Generic KIR typing was performed using a KIR multiplex PCR-SSP method as previously described42. The presence or absence of KIR2DL1, 2DL2, 2DL3, 2DL5, 3DL1, 2DS1, 2DS2, 2DS3, 2DS4/1D, 2DS5, and 3DS1 genes were assigned. KIR genotypes were determined based on the presence or the absence of activating KIR. Thus, an AA KIR haplotype was defined by the presence of only KIR2DS4 or its deleted variant (1D) as activating KIR gene, and a B+ (AB, BB) KIR haplotype by the presence of several activating KIR genes. Centromeric (AA, AB, BB) and telomeric (AA, AB, BB) KIR motifs were defined considering KIR2DL2/3/S2 and KIR3DL1/S1/2DS1/2DS4 genes for centromeric and telomeric motifs, respectively43 (Supplementary Table 3).

Cell lines

HEK293T and Jurkat cell lines (ATCC) were maintained either with DMEM or RPMI1640 medium containing 10% of FBS, penicillin/streptomycin antibiotics, and l-glutamine.

For the measurement of target lysis, K562 cells were first cultured overnight in RPMI1640 without phenol red (Gibco) enriched with 10% FBS, non-essential amino acids (NEAA, Gibco), l-glutamine (Life Technologies) and Sodium Pyruvate (Eurobio). Prior killing assay, K562 cells were diluted at 1 × 106/mL in a culture medium supplemented with 2.5 mM Probenecid (Invitrogen) and stained with calcein-AM (Invitrogen) for 30 min. Then, the excess calcein was washed out.

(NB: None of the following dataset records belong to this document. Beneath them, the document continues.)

lemma inverse_lin_map_unit_vec_support:
  fixes f h :: "('n::finite \<Rightarrow> 'k::comm_semiring_1) \<Rightarrow> 'n \<Rightarrow> 'k"
  assumes sf: "semifield TYPE('k)" and zsf: "zero_sum_free TYPE('k)"
    and "lin_map h" and "\<And>v. h (f v) = v" and "f (unit_vec j) l \<noteq> 0"
  shows "h (unit_vec l) \<in> coord_subspace {j}"
proof -
  have "(\<Sum>m\<in>UNIV. smult_vec (f (unit_vec j) m) (h (unit_vec m))) \<in> coord_subspace {j}"
    using lin_map_expansion[OF assms(3), of "f (unit_vec j)" UNIV] assms(4) by simp
  then have "smult_vec (f (unit_vec j) l) (h (unit_vec l)) \<in> coord_subspace {j}"
    by (rule zero_sum_free_sum_in_coord_subspace[OF zsf finite_UNIV _ UNIV_I])
  then show ?thesis
    by (rule submodule_smult_cancel[OF sf submodule_coord_subspace assms(5)])
qed

text \<open>The support argument applied to f and to h in turn: if e_l occurs in f e_j, then h e_l is a
  multiple of e_j, so e_j occurs in h e_l, and then f e_j is a multiple of e_l.\<close>

lemma invertible_lin_map_monomial:
  fixes f h :: "('n::finite \<Rightarrow> 'k::comm_semiring_1) \<Rightarrow> 'n \<Rightarrow> 'k"
  assumes sf: "semifield TYPE('k)" and zsf: "zero_sum_free TYPE('k)"
    and "lin_map f" and "lin_map h" and hf: "\<And>v. h (f v) = v" and fh: "\<And>v. f (h v) = v"
  shows "\<exists>l c. c \<noteq> 0 \<and> f (unit_vec j) = smult_vec c (unit_vec l)"
proof -
  have "f (unit_vec j) \<noteq> 0"
    using hf[of "unit_vec j"] lin_map_zero[OF assms(4)] unit_vec_neq_zero by metis
  then obtain l where l: "f (unit_vec j) l \<noteq> 0"
    by (auto simp: fun_eq_iff)
  have hl: "h (unit_vec l) \<in> coord_subspace {j}"
    by (rule inverse_lin_map_unit_vec_support[OF sf zsf assms(4) hf l])
  have "h (unit_vec l) \<noteq> 0"
    using fh[of "unit_vec l"] lin_map_zero[OF assms(3)] unit_vec_neq_zero by metis
  then have "h (unit_vec l) j \<noteq> 0"
    using hl coord_subspace_singleton by (metis smult_vec_zero_left)
  then have "f (unit_vec j) \<in> coord_subspace {l}"
    by (rule inverse_lin_map_unit_vec_support[OF sf zsf assms(3) fh])
  then have "f (unit_vec j) = smult_vec (f (unit_vec j) l) (unit_vec l)"
    by (simp only: coord_subspace_singleton)
  then show ?thesis
    using l by blast
qed

section \<open>Bases and basis lines\<close>

lemma is_basis_coord_subspace:
  "is_basis (coord_subspace S :: ('n::finite \<Rightarrow> 'k::comm_semiring_1) set) (unit_vec ` S)"
  unfolding is_basis_def
proof (intro conjI ballI)
  show "finite (unit_vec ` S)" "unit_vec ` S \<subseteq> coord_subspace S"
    by auto
next
  fix w :: "'n \<Rightarrow> 'k" assume w: "w \<in> coord_subspace S"
  have combination: "(\<Sum>b\<in>unit_vec ` S. smult_vec (c b) b) = coord_proj S (\<lambda>j. c (unit_vec j))"
    for c :: "('n \<Rightarrow> 'k) \<Rightarrow> 'k"
    by (simp add: sum.reindex[OF inj_on_subset[OF inj_unit_vec subset_UNIV]] sum_smult_unit_vec)
  have represents: "w = coord_proj S (\<lambda>j. c (unit_vec j)) \<longleftrightarrow> (\<forall>j\<in>S. c (unit_vec j) = w j)"
    for c :: "('n \<Rightarrow> 'k) \<Rightarrow> 'k"
    using w by (auto simp: coord_proj_def coord_subspace_def fun_eq_iff)
  let ?c = "\<lambda>b. if b \<in> unit_vec ` S then w (the_inv unit_vec b) else 0"
  show "\<exists>!c. (\<forall>b. b \<notin> unit_vec ` S \<longrightarrow> c b = 0) \<and> w = (\<Sum>b\<in>unit_vec ` S. smult_vec (c b) b)"
    unfolding combination represents
  proof (rule ex1I[of _ ?c])
    show "(\<forall>b. b \<notin> unit_vec ` S \<longrightarrow> ?c b = 0) \<and> (\<forall>j\<in>S. ?c (unit_vec j) = w j)"
      by (simp add: the_inv_f_f[OF inj_unit_vec])
  next
    fix c assume c: "(\<forall>b. b \<notin> unit_vec ` S \<longrightarrow> c b = 0) \<and> (\<forall>j\<in>S. c (unit_vec j) = w j)"
    show "c = ?c"
      using c by (auto simp: fun_eq_iff the_inv_f_f[OF inj_unit_vec])
  qed
qed

lemma free_submodule_coord_subspace:
  "free_submodule (coord_subspace S :: ('n::finite \<Rightarrow> 'k::comm_semiring_1) set)"
  using submodule_coord_subspace is_basis_coord_subspace unfolding free_submodule_def by blast

lemma is_basis_coeff_of_basis_vector:
  assumes B: "is_basis W B" and "b \<in> B"
    and "\<forall>b'. b' \<notin> B \<longrightarrow> c b' = 0" and "b = (\<Sum>b'\<in>B. smult_vec (c b') b')"
  shows "c = (\<lambda>b'. if b' = b then 1 else 0)"
proof -
  let ?represents = "\<lambda>c. (\<forall>b'. b' \<notin> B \<longrightarrow> c b' = 0) \<and> b = (\<Sum>b'\<in>B. smult_vec (c b') b')"
  have "finite B" and unique: "\<exists>!c. ?represents c"
    using B \<open>b \<in> B\<close> unfolding is_basis_def by blast+
  have "(THE c. ?represents c) = c"
    by (rule the1_equality[OF unique]) (use assms(3,4) in blast)
  moreover have "(THE c. ?represents c) = (\<lambda>b'. if b' = b then 1 else 0)"
    by (rule the1_equality[OF unique])
      (use \<open>b \<in> B\<close> \<open>finite B\<close> in \<open>simp add: if_distrib[of "\<lambda>c. smult_vec c _"] cong: if_cong\<close>)
  ultimately show ?thesis
    by simp
qed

For in vitro cell treatment, PBMCs were resuspended in RPMI 1640 supplemented with 10% human serum (EFS, Etablissement Français du Sang), 1% Penicillin–Streptomycin (Dutscher), l-glutamine (Life Technologies), sodium pyruvate (EuroBio) and HEPES (EuroBio).

Flow cytometry analysis

Frozen sternal BM aspiration and PBMCs were stained for 30 min on ice13, with the fixable viability dye eFluor 506 and monoclonal antibodies (mAb) listed in Supplementary Table 9. Of note, mAb used in this work to detect KIR molecules on the cell surface was able to identify KIR2DL1, KIR2DL2/DL3, KIR2DL4, KIR3DL1/DL2, KIR3DL1/DS1, KIR2DL5, and KIR2DS4 molecules. Cells were fixed in PBS with 2% of paraformaldehyde (PFA), acquired on a BD Fortessa X20 (flow cytometry core facility of Saint Louis Research Institute, Paris, France) (Supplementary Fig. 9). For intracellular staining, Foxp3 Transcription factor buffer set (eBioscence 00-5523-00) was used and data were acquired on a BD Canto II or Cytek Aurora flow cytometer. Data were analyzed using FlowJo v10.7 software or Cytek SpectroFlo v3.0.3.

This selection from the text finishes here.